I’M A UNION LADY AGAIN

A couple of weeks ago I joined the National Writers Union a UAW Local 1981/AFL-CIO. They offer resources, giving writers assistance with contract advice and grievances with publishers. Their strength comes from pooling information from other writers and lawyers, and then speaking out collectively.

My T-shirt arrived yesterday.

The last time I was a union member it was the Amalgamated Clothing Workers Union. I was a power sewing machine operator and that was a lifetime ago. I have no idea how many members we had in that union, never thought to ask back then. But I know that there are approximately 1,300 members of the National Writers Union.

This is a clipping from the 1930s in an old scrap book I inherited from my father. (This book is worthy of a blog post on its own at another time.) Unions have been around since the mid 1800s reaching their highest membership in the 1950s. Since the 1960s there has been a steady decline in union membership. Today approximately 11% of the work force belongs to a union. The service industry is the most unionized. California has the largest percentage of union workers than any other state.

A union label used to be a mark of pride now they are few and far between. I rarely see them sewn into a garment or stamped on a product’s carton. Now manufacturers boast of MADE IN USA, hoping to get the public to buy domestically produced merchandise.

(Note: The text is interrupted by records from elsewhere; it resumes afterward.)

(* Let $S$ be a semigroup with finite $\mathcal{R}$-height, let $a\in S$, and let $A=aS^1$. Let $I$ be a set with $|I|\geq 2$, fix $1\in I$, let $T=\mathcal{B}(S,I)$ be the Brandt extension of $S$ by $I$, and let $B=(1,a,1)T^1$. Then $\mathrm{H}_{\mathcal{R}}(T)=\mathrm{H}_{\mathcal{R}}(S)+1$ and $\mathrm{H}_{\mathcal{R}}(B)=\mathrm{H}_{\mathcal{R}}(A)+2$.
   Context: The Brandt extension $\mathcal{B}(S,I)$ of a semigroup $S$ by a non-empty set $I$ is the set $(I\times S\times I)\cup\{0\}$ with multiplication $(i,s,j)(k,t,l)=(i,st,l)$ if $j=k$ and $=0$ otherwise, and $0x=x0=0$ for all $x$. $S^1$ denotes $S$ with an identity adjoined if necessary. Green's preorder: $u\leq_{\mathcal{R}} v$ iff $uS^1\subseteq vS^1$; $\mathcal{R}$ is the associated equivalence; the $\mathcal{R}$-height $\mathrm{H}_{\mathcal{R}}$ of a semigroup is the supremum of cardinalities of chains in its poset of $\mathcal{R}$-classes. For the right ideals $A$ and $B$, the $\mathcal{R}$-height is computed in $A$ and $B$ as semigroups in their own right. *)

theory Defs
  imports "HOL-Library.Extended_Nat"
begin

definition semigroup_on :: "'a set \<Rightarrow> ('a \<Rightarrow> 'a \<Rightarrow> 'a) \<Rightarrow> bool" where
  "semigroup_on S f \<longleftrightarrow>
     (\<forall>x\<in>S. \<forall>y\<in>S. f x y \<in> S) \<and>
     (\<forall>x\<in>S. \<forall>y\<in>S. \<forall>z\<in>S. f (f x y) z = f x (f y z))"

definition rideal1 :: "'a set \<Rightarrow> ('a \<Rightarrow> 'a \<Rightarrow> 'a) \<Rightarrow> 'a \<Rightarrow> 'a set" where
  "rideal1 S f u = insert u {f u x | x. x \<in> S}"

definition R_le :: "'a set \<Rightarrow> ('a \<Rightarrow> 'a \<Rightarrow> 'a) \<Rightarrow> 'a \<Rightarrow> 'a \<Rightarrow> bool" where
  "R_le S f u v \<longleftrightarrow> rideal1 S f u \<subseteq> rideal1 S f v"

definition R_equiv :: "'a set \<Rightarrow> ('a \<Rightarrow> 'a \<Rightarrow> 'a) \<Rightarrow> 'a \<Rightarrow> 'a \<Rightarrow> bool" where
  "R_equiv S f u v \<longleftrightarrow> R_le S f u v \<and> R_le S f v u"

definition R_class :: "'a set \<Rightarrow> ('a \<Rightarrow> 'a \<Rightarrow> 'a) \<Rightarrow> 'a \<Rightarrow> 'a set" where
  "R_class S f u = {v \<in> S. R_equiv S f u v}"

definition R_classes :: "'a set \<Rightarrow> ('a \<Rightarrow> 'a \<Rightarrow> 'a) \<Rightarrow> 'a set set" where
  "R_classes S f = R_class S f ` S"

definition R_class_le :: "'a set \<Rightarrow> ('a \<Rightarrow> 'a \<Rightarrow> 'a) \<Rightarrow> 'a set \<Rightarrow> 'a set \<Rightarrow> bool" where
  "R_class_le S f P Q \<longleftrightarrow> (\<exists>p\<in>P. \<exists>q\<in>Q. R_le S f p q)"

definition R_chains :: "'a set \<Rightarrow> ('a \<Rightarrow> 'a \<Rightarrow> 'a) \<Rightarrow> 'a set set set" where
  "R_chains S f = {K. K \<subseteq> R_classes S f \<and>
      (\<forall>P\<in>K. \<forall>Q\<in>K. R_class_le S f P Q \<or> R_class_le S f Q P)}"

definition R_height :: "'a set \<Rightarrow> ('a \<Rightarrow> 'a \<Rightarrow> 'a) \<Rightarrow> enat" where
  "R_height S f = (SUP K \<in> R_chains S f. if finite K then enat (card K) else \<infinity>)"

text \<open>Brandt extension B(S,I): elements Some (i,s,j) with i,j in I, s in S, and None as zero.\<close>

definition brandt_carrier :: "'a set \<Rightarrow> 'i set \<Rightarrow> ('i \<times> 'a \<times> 'i) option set" where
  "brandt_carrier S I = insert None {Some (i, s, j) | i s j. i \<in> I \<and> s \<in> S \<and> j \<in> I}"

fun brandt_mult :: "('a \<Rightarrow> 'a \<Rightarrow> 'a) \<Rightarrow> ('i \<times> 'a \<times> 'i) option \<Rightarrow> ('i \<times> 'a \<times> 'i) option
    \<Rightarrow> ('i \<times> 'a \<times> 'i) option" where
  "brandt_mult f (Some (i, s, j)) (Some (k, t, l)) =
     (if j = k then Some (i, f s t, l) else None)"
| "brandt_mult f _ _ = None"

end

theory Submission
  imports Defs
begin

text \<open>
  Chains of \<open>R\<close>-classes correspond to chains of pairwise non-\<open>R\<close>-equivalent elements, which
  are easier to move between semigroups. In the Brandt extension \<open>T\<close>, zero lies below everything
  and a nonzero \<open>(i,s,j)\<close> lies \<open>R\<close>-below \<open>(k,t,l)\<close> only if \<open>i = k\<close> and \<open>s \<in> tS\<^sup>1\<close>. So deleting
  zero and projecting to the middle entry turns a chain of \<open>T\<close> into a chain of \<open>S\<close> of one
  element less, while a chain of \<open>S\<close> copied onto the diagonal at a fixed index and extended by
  zero gives the reverse bound.

  In \<open>B = (1,a,1)T\<^sup>1\<close> an element \<open>(1,s,l)\<close> with \<open>l \<noteq> 1\<close> lies above zero only, so a chain of \<open>B\<close>
  consists of zero, at most one such element, and diagonal elements \<open>(1,s,1)\<close>, which are ordered
  as \<open>s\<close> is in \<open>A\<close>; hence \<open>H(B) \<le> H(A) + 2\<close>. Conversely, the least element \<open>m\<close> of a longest
  chain of \<open>A\<close> cannot lie strictly above \<open>ma\<close>, so \<open>m = m(au)\<close> for some \<open>u\<close>. Then \<open>(1,m,j)\<close> with
  \<open>j \<noteq> 1\<close> lies strictly between zero and every diagonal copy of that chain.
\<close>

section \<open>Heights of preorders\<close>

definition strict_chains :: "'a set \<Rightarrow> ('a \<Rightarrow> 'a \<Rightarrow> bool) \<Rightarrow> 'a set set" where
  "strict_chains X le = {C. C \<subseteq> X \<and>
     (\<forall>x\<in>C. \<forall>y\<in>C. x \<noteq> y \<longrightarrow> (le x y \<or> le y x) \<and> \<not> (le x y \<and> le y x))}"

definition ecard :: "'a set \<Rightarrow> enat" where
  "ecard C = (if finite C then enat (card C) else \<infinity>)"

definition height :: "'a set \<Rightarrow> ('a \<Rightarrow> 'a \<Rightarrow> bool) \<Rightarrow> enat" where
  "height X le = (SUP C \<in> strict_chains X le. ecard C)"

lemma ecard_image: "inj_on h C \<Longrightarrow> ecard (h ` C) = ecard C"
  unfolding ecard_def by (simp add: card_image finite_image_iff)

lemma ecard_insert: "b \<notin> C \<Longrightarrow> ecard (insert b C) = ecard C + 1"
  unfolding ecard_def by (simp add: eSuc_enat[symmetric] plus_1_eSuc)

lemma ecard_le_Diff_singleton: "ecard C \<le> ecard (C - {b}) + 1"
proof (cases "b \<in> C")
  case True
  then have "ecard C = ecard (insert b (C - {b}))" by (simp add: insert_absorb)
  also have "\<dots> = ecard (C - {b}) + 1" by (rule ecard_insert) simp
  finally show ?thesis by simp
qed simp

lemma ecard_le_height: "C \<in> strict_chains X le \<Longrightarrow> ecard C \<le> height X le"
  unfolding height_def by (rule SUP_upper)

lemma empty_in_strict_chains: "{} \<in> strict_chains X le"
  unfolding strict_chains_def by simp

lemma strict_chains_subset: "C \<in> strict_chains X le \<Longrightarrow> C' \<subseteq> C \<Longrightarrow> C' \<in> strict_chains X le"
  unfolding strict_chains_def by blast

lemma strict_chains_insert_bottom:
  assumes "C \<in> strict_chains X le" "b \<in> X" "\<And>y. y \<in> C \<Longrightarrow> le b y \<and> \<not> le y b"
  shows "insert b C \<in> strict_chains X le"
  using assms unfolding strict_chains_def by auto

lemma height_attained:
  assumes "height X le \<noteq> \<infinity>"
  obtains C where "C \<in> strict_chains X le" "ecard C = height X le"
proof -
  let ?V = "ecard ` strict_chains X le"
  have "?V \<noteq> {}" using empty_in_strict_chains by blast
  moreover from this assms have "finite ?V"
    unfolding height_def Sup_enat_def by (auto split: if_splits)
  ultimately have "Sup ?V \<in> ?V" unfolding Sup_enat_def by (simp add: Max_in)
  then show ?thesis using that unfolding height_def by auto
qed

lemma height_plus_one_le:
  assumes "\<And>C. C \<in> strict_chains X le \<Longrightarrow> ecard C + 1 \<le> H"
  shows "height X le + 1 \<le> H"
proof -
  have "height X le + 1 = (SUP C \<in> strict_chains X le. ecard C + 1)"
    using eSuc_Sup[of "ecard ` strict_chains X le"] empty_in_strict_chains
    unfolding height_def plus_1_eSuc image_image by auto
  also have "\<dots> \<le> H" using assms by (rule SUP_least)
  finally show ?thesis .
qed

lemma strict_chains_image:
  assumes C: "C \<in> strict_chains X le" and "h ` C \<subseteq> Y" and "reflp le'"
    and mono: "\<And>x y. x \<in> C \<Longrightarrow> y \<in> C \<Longrightarrow> le x y \<Longrightarrow> \<not> le y x \<Longrightarrow>
                      le' (h x) (h y) \<and> \<not> le' (h y) (h x)"
  shows "h ` C \<in> strict_chains Y le'" and "ecard (h ` C) = ecard C"
proof -
  have strict: "(le' (h x) (h y) \<and> \<not> le' (h y) (h x)) \<or> (le' (h y) (h x) \<and> \<not> le' (h x) (h y))"
    if "x \<in> C" "y \<in> C" "x \<noteq> y" for x y
    using C mono that unfolding strict_chains_def by blast
  then show "h ` C \<in> strict_chains Y le'"
    using \<open>h ` C \<subseteq> Y\<close> unfolding strict_chains_def by blast
  have "inj_on h C"
  proof (rule inj_onI)
    fix x y assume "x \<in> C" "y \<in> C" "h x = h y"
    with strict[of x y] reflpD[OF \<open>reflp le'\<close>, of "h x"] show "x = y" by auto
  qed
  then show "ecard (h ` C) = ecard C" by (rule ecard_image)
qed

What I’ve noticed recently is regional pride, similar to the above logo, MADE IN NYC.

It’ll be interesting to note if wearing this union T-shirt alters the way I write. I doubt it. But somehow it does add another note of seriousness to what I’ve been doing all these years. And I wonder does this make me a working class writer? I also wonder if in the back of my head a story is starting to emerge about one or all of those ladies in the above newspaper clipping.